I was thinking about trying some this year always been a big fan of big game, but, i here its good stuff. Any input would be great thanks.


----------



## Salmonid (Apr 14, 2004)

A whole bunch of us catfish guys ( Pendog, Fishdealer04, Mellon, myself) use the 20-25-30 Lb Off Shore Copolymer, its great stuff,a s tough as nails and doesnt have hardly any memmory. I HIGHLY recommend it, been using for about 4 years now. I used to like the BG line and its still pretty good and affordable but for a little more, I think youll agree its a whole lot better line. We us it for our big blues, channels and flatties, very abrasion resistant, works well around wood, rocks and drifting.

Salmonid


----------



## ducky152000 (Jul 20, 2005)

Thanks, sounds like good stuff how many yards is on a 2lb spool of 30lb?


----------



## pendog66 (Mar 23, 2005)

ducky152000 said:


> Thanks, sounds like good stuff how many yards is on a 2lb spool of 30lb?



You definitely wont regret going to Vicious line. Im not sure how much is on the spool but i have re-spooled most of my reels at least twice this year (2 6000s, 3 6500s, pen310, P Baitrunner and 2 209s). Also Spooled up Steve's reels with the same spool and still have plenty


----------



## fishdealer04 (Aug 27, 2006)

Its great stuff! I use the 30 pound Hi vis green Offshore. I think there is like 2900 yards on the 2 pound spool.


----------



## AkronCATS (Nov 5, 2008)

I agree, vicious is a very good quality line.


----------



## dinkbuster1 (Oct 28, 2005)

Viscious blows Big Game, as well as any other mono/copol line away! i have 2 reels with almost 4 year old line on it (channel cat combo's, 20lb test) and it is still like new. if you get 30lb line prepare to pull your guts out trying to break it! 
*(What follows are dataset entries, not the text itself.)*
theorem proposition1:
  fixes t :: nat and j :: int
  assumes "t \<ge> 1" and "even j"
  shows "(\<forall>L. even L \<and> L \<ge> 2 \<longrightarrow>
            integrable noise_space
              (\<lambda>\<omega>. (hgt L \<omega> (2*t+2) j - hgt L \<omega> (2*t) j) * (hgt L \<omega> 2 0 - hgt L \<omega> 0 0)))
       \<and> ((\<lambda>n. integral\<^sup>L noise_space
              (\<lambda>\<omega>. (hgt (2*n) \<omega> (2*t+2) j - hgt (2*n) \<omega> (2*t) j)
                   * (hgt (2*n) \<omega> 2 0 - hgt (2*n) \<omega> 0 0)))
           \<longlonglongrightarrow> - (1/4) * (g11 (t - 1) j - g11 t j))"
proof (intro conjI allI impI)
  fix L :: nat
  show "integrable noise_space
      (\<lambda>\<omega>. (hgt L \<omega> (2*t+2) j - hgt L \<omega> (2*t) j) * (hgt L \<omega> 2 0 - hgt L \<omega> 0 0))"
    by (intro lin_form_mult_integrable lin_form_diff hgt_lin_form)
next
  have "integral\<^sup>L noise_space
          (\<lambda>\<omega>. (hgt (2*n) \<omega> (2*t+2) j - hgt (2*n) \<omega> (2*t) j)
               * (hgt (2*n) \<omega> 2 0 - hgt (2*n) \<omega> 0 0))
        = - (1/4) * (g11 (t - 1) j - g11 t j)"
    if "n \<ge> nat (\<bar>j\<bar> + 2 * int t + 4)" for n
  proof -
    have "2 * n \<ge> 4" and "\<bar>j\<bar> + 2 * int t + 2 \<le> int (2 * n) - 2"
      using that \<open>t \<ge> 1\<close> by linarith+
    then show ?thesis
      unfolding expectation_eq_corr_diff using corr_increment assms by blast
  qed
  then show "(\<lambda>n. integral\<^sup>L noise_space
              (\<lambda>\<omega>. (hgt (2*n) \<omega> (2*t+2) j - hgt (2*n) \<omega> (2*t) j)
                   * (hgt (2*n) \<omega> 2 0 - hgt (2*n) \<omega> 0 0)))
           \<longlonglongrightarrow> - (1/4) * (g11 (t - 1) j - g11 t j)"
    by (intro tendsto_eventually eventually_sequentiallyI)
qed

end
i prefer the yellow hi-vis color offshore.


----------



## ducky152000 (Jul 20, 2005)

Well looks like im goin to buy some. thanks guys.


----------



## catfish_hunter (May 31, 2005)

Vicious in my opinion is the best mono on the market. Only reason I am not using it is cuz they dont make anything heavier than 30lb. And I can get Big Game alot cheaper. Vicious is a better line though.


----------



## triton189 (Nov 6, 2009)

I tried their Ice version this winter on my Ice Rods and was "very" impressed..! I think I will give it try on my board reels this year on Erie.


----------



## catalac (Jan 13, 2010)

a buddy of mine uses it and it seems to be great stuff like everyone has said. i would rather snag up my big game than his viscous. viscous was a pain to break off!


----------



## Salmonid (Apr 14, 2004)

Catfish Hunter, check out the "Offshore" line they have, I have a bunch of 50 and 80 lb I use for leaders. Great stuff. There braid is also great stuff, a bunch of the muskie guys are using it. 

Salmonid


----------